Wednesday, February 9, 2011

New World Bank Publication Discusses The Future Of Economic Policy

From the World Bank blog (excerpts):

The Day After Tomorrow: Macro-Financial Policy Catches Up With Reality

The 2008–09 crisis opened the door to a different kind of thinking in international macroeconomics—and closed it on some of the previous orthodoxy. Let’s take a look at some of the most obvious cases.

First, some now see a bit of inflation (perhaps as high as 5 percent per year) as desirable for countries that pursue inflation targets, because it would allow more space to reduce nominal interest rates when an economy falls in recession. In fact, what to target (e.g., consumer, producer, asset, housing, or other prices) is the question.

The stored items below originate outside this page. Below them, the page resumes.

lemma resolvent_mem:
  fixes M :: "'a::{real_inner, complete_space} \<Rightarrow> 'a set"
  assumes "max_mono_op M"
  shows "x - resolvent M x \<in> M (resolvent M x)"
proof -
  obtain y where y: "x - y \<in> M y" using minty[OF assms] by blast
  with assms have "resolvent M x = y" by (intro resolvent_eqI) (simp_all add: max_mono_op_def)
  with y show ?thesis by simp
qed

lemma resolvent_perturb:
  fixes M :: "'a::{real_inner, complete_space} \<Rightarrow> 'a set"
  assumes "max_mono_op M"
  shows "resolvent (op_perturb M w) x = resolvent M (x - w) + w"
proof (rule resolvent_eqI)
  show "mono_op (op_perturb M w)" using assms by (simp add: max_mono_op_def mono_op_perturb)
  show "x - (resolvent M (x - w) + w) \<in> op_perturb M w (resolvent M (x - w) + w)"
    using resolvent_mem[OF assms, of "x - w"] by (simp add: op_perturb_def algebra_simps)
qed

definition firmly_nonexpansive :: "('a::real_inner \<Rightarrow> 'a) \<Rightarrow> bool" where
  "firmly_nonexpansive J \<longleftrightarrow> (\<forall>a b. (norm (J a - J b))\<^sup>2 \<le> inner (J a - J b) (a - b))"

lemma firmly_nonexpansive_resolvent:
  fixes M :: "'a::{real_inner, complete_space} \<Rightarrow> 'a set"
  assumes "max_mono_op M"
  shows "firmly_nonexpansive (resolvent M)"
  unfolding firmly_nonexpansive_def
proof (intro allI)
  fix a b
  let ?J = "resolvent M"
  have "0 \<le> inner (?J a - ?J b) ((a - ?J a) - (b - ?J b))"
    using assms resolvent_mem[OF assms] unfolding max_mono_op_def mono_op_def by blast
  also have "\<dots> = inner (?J a - ?J b) (a - b) - (norm (?J a - ?J b))\<^sup>2"
    unfolding power2_norm_eq_inner by (simp add: inner_diff_right algebra_simps)
  finally show "(norm (?J a - ?J b))\<^sup>2 \<le> inner (?J a - ?J b) (a - b)" by simp
qed

lemma relaxed_reflection_norm_diff_sq:
  assumes "firmly_nonexpansive J" and "0 \<le> \<beta>"
  shows "(norm (((2 * \<beta>) *\<^sub>R J a - a) - ((2 * \<beta>) *\<^sub>R J b - b)))\<^sup>2
     \<le> (norm (a - b))\<^sup>2 - 4 * \<beta> * (1 - \<beta>) * (norm (J a - J b))\<^sup>2"
proof -
  have "((2 * \<beta>) *\<^sub>R J a - a) - ((2 * \<beta>) *\<^sub>R J b - b) = (2 * \<beta>) *\<^sub>R (J a - J b) - (a - b)"
    by (simp add: algebra_simps)
  then have "(norm (((2 * \<beta>) *\<^sub>R J a - a) - ((2 * \<beta>) *\<^sub>R J b - b)))\<^sup>2
      = (norm (a - b))\<^sup>2 - 4 * \<beta> * inner (J a - J b) (a - b) + 4 * \<beta>\<^sup>2 * (norm (J a - J b))\<^sup>2"
    unfolding power2_norm_eq_inner
    by (simp add: inner_diff_left inner_diff_right inner_commute power2_eq_square algebra_simps)
  also have "\<dots> \<le> (norm (a - b))\<^sup>2 - 4 * \<beta> * (norm (J a - J b))\<^sup>2 + 4 * \<beta>\<^sup>2 * (norm (J a - J b))\<^sup>2"
    using assms unfolding firmly_nonexpansive_def by (simp add: mult_left_mono)
  also have "\<dots> = (norm (a - b))\<^sup>2 - 4 * \<beta> * (1 - \<beta>) * (norm (J a - J b))\<^sup>2"
    by (simp add: power2_eq_square algebra_simps)
  finally show ?thesis .
qed

section \<open>Asymptotic centres and Opial's lemma\<close>

text \<open>The library's \<open>limsup\<close> is \<open>ereal\<close>-valued; this real version is only meaningful for bounded
  sequences.\<close>

definition limsup_real :: "(nat \<Rightarrow> real) \<Rightarrow> real" where
  "limsup_real s = Inf {a. \<forall>\<^sub>F n in sequentially. s n \<le> a}"

lemma Bseq_eventual_upper_bounds:
  fixes s :: "nat \<Rightarrow> real"
  assumes "Bseq s"
  shows "{a. \<forall>\<^sub>F n in sequentially. s n \<le> a} \<noteq> {}"
    and "bdd_below {a. \<forall>\<^sub>F n in sequentially. s n \<le> a}"
proof -
  obtain K where K: "\<And>n. \<bar>s n\<bar> \<le> K" using assms by (auto simp: Bseq_def)
  then show "{a. \<forall>\<^sub>F n in sequentially. s n \<le> a} \<noteq> {}"
    by (auto intro!: exI[of _ K] always_eventually simp: abs_le_iff)
  have "- K \<le> a" if "\<forall>\<^sub>F n in sequentially. s n \<le> a" for a
  proof -
    from that obtain N where "\<forall>n\<ge>N. s n \<le> a" unfolding eventually_sequentially ..
    then have "s N \<le> a" by simp
    with K[of N] show ?thesis by (simp add: abs_le_iff)
  qed
  then show "bdd_below {a. \<forall>\<^sub>F n in sequentially. s n \<le> a}" unfolding bdd_below_def by blast
qed

lemma limsup_real_eventually_le:
  assumes "Bseq s" and "0 < e"
  shows "\<forall>\<^sub>F n in sequentially. s n \<le> limsup_real s + e"
proof -
  have "Inf {a. \<forall>\<^sub>F n in sequentially. s n \<le> a} < limsup_real s + e"
    using assms(2) by (simp add: limsup_real_def)
  then obtain a where "\<forall>\<^sub>F n in sequentially. s n \<le> a" and "a < limsup_real s + e"
    using cInf_lessD[OF Bseq_eventual_upper_bounds(1)[OF assms(1)]] by blast
  then show ?thesis by (auto elim: eventually_mono)
qed

lemma limsup_real_le:
  assumes "Bseq s" and "\<And>e. 0 < e \<Longrightarrow> \<forall>\<^sub>F n in sequentially. s n \<le> b + e"
  shows "limsup_real s \<le> b"
proof (rule field_le_epsilon)
  fix e :: real assume "0 < e"
  with assms show "limsup_real s \<le> b + e"
    unfolding limsup_real_def by (intro cInf_lower Bseq_eventual_upper_bounds(2)) auto
qed

lemma limsup_real_nonneg:
  assumes "Bseq s" and "\<And>n. 0 \<le> s n"
  shows "0 \<le> limsup_real s"
  unfolding limsup_real_def
proof (rule cInf_greatest[OF Bseq_eventual_upper_bounds(1)[OF assms(1)]])
  fix a assume "a \<in> {a. \<forall>\<^sub>F n in sequentially. s n \<le> a}"
  then obtain N where "\<forall>n\<ge>N. s n \<le> a" unfolding eventually_sequentially by blast
  with assms(2)[of N] show "0 \<le> a" by force
qed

Second, regulatory parameters and practices in the financial sector have proved to be more critical for real growth than we previously thought, whether through systemic risk, over-lending, costly bailouts, or other channels. Floating exchange rate regimes are falling out of favor, since “managed” ones proved to be better at controlling inflation and reducing sudden, unnecessary fluctuations. Controls on the movement of capital across boundaries have become an acceptable tool (they used to be heretical), almost the price to pay for policy success.

Third, multilateral surveillance is in the cards, initially through the G-20, since the actions of hard-hit, over indebted rich countries cause volatility in many emerging markets. But fiscal policy advice is bifurcated—between a short-term need for sustained stimulus and a medium-term need for consolidation, and between massive deficits in the developed world and the accumulation of surpluses in sovereign funds in the developing one.

From all this, a new paradigm is likely to rise…

…The bottom line is that the search for financial stability, through regulatory or macroeconomic policy, is just beginning. This is putting developing countries in a bind. Should they wait for new global standards to emerge, or should they tailor their own regulatory strategies? Stay tuned.

This is a nice precis of the current debate on macro-policy and regulation, especially as it pertains to developing countries. Truth to tell, the essential hurdle that has to be overcome is that many of the proposed remedies simply haven’t been tried – or tried long enough – to judge how effective they might be.

And there’s always the potential problem that any new rules or regulations might themselves be the source of future crises and instabilities – as the saying goes, generals are always fighting the last war. But this blog post is a pretty good summation of the state of the debate on macro across the globe.

Technical Notes:

Canuto, Otaviano & Marcelo Guigale, Eds, "The Day After Tomorrow: A Handbook on the Future of Economic Policy in the Developing World", The World Bank, 2010 (direct download link here).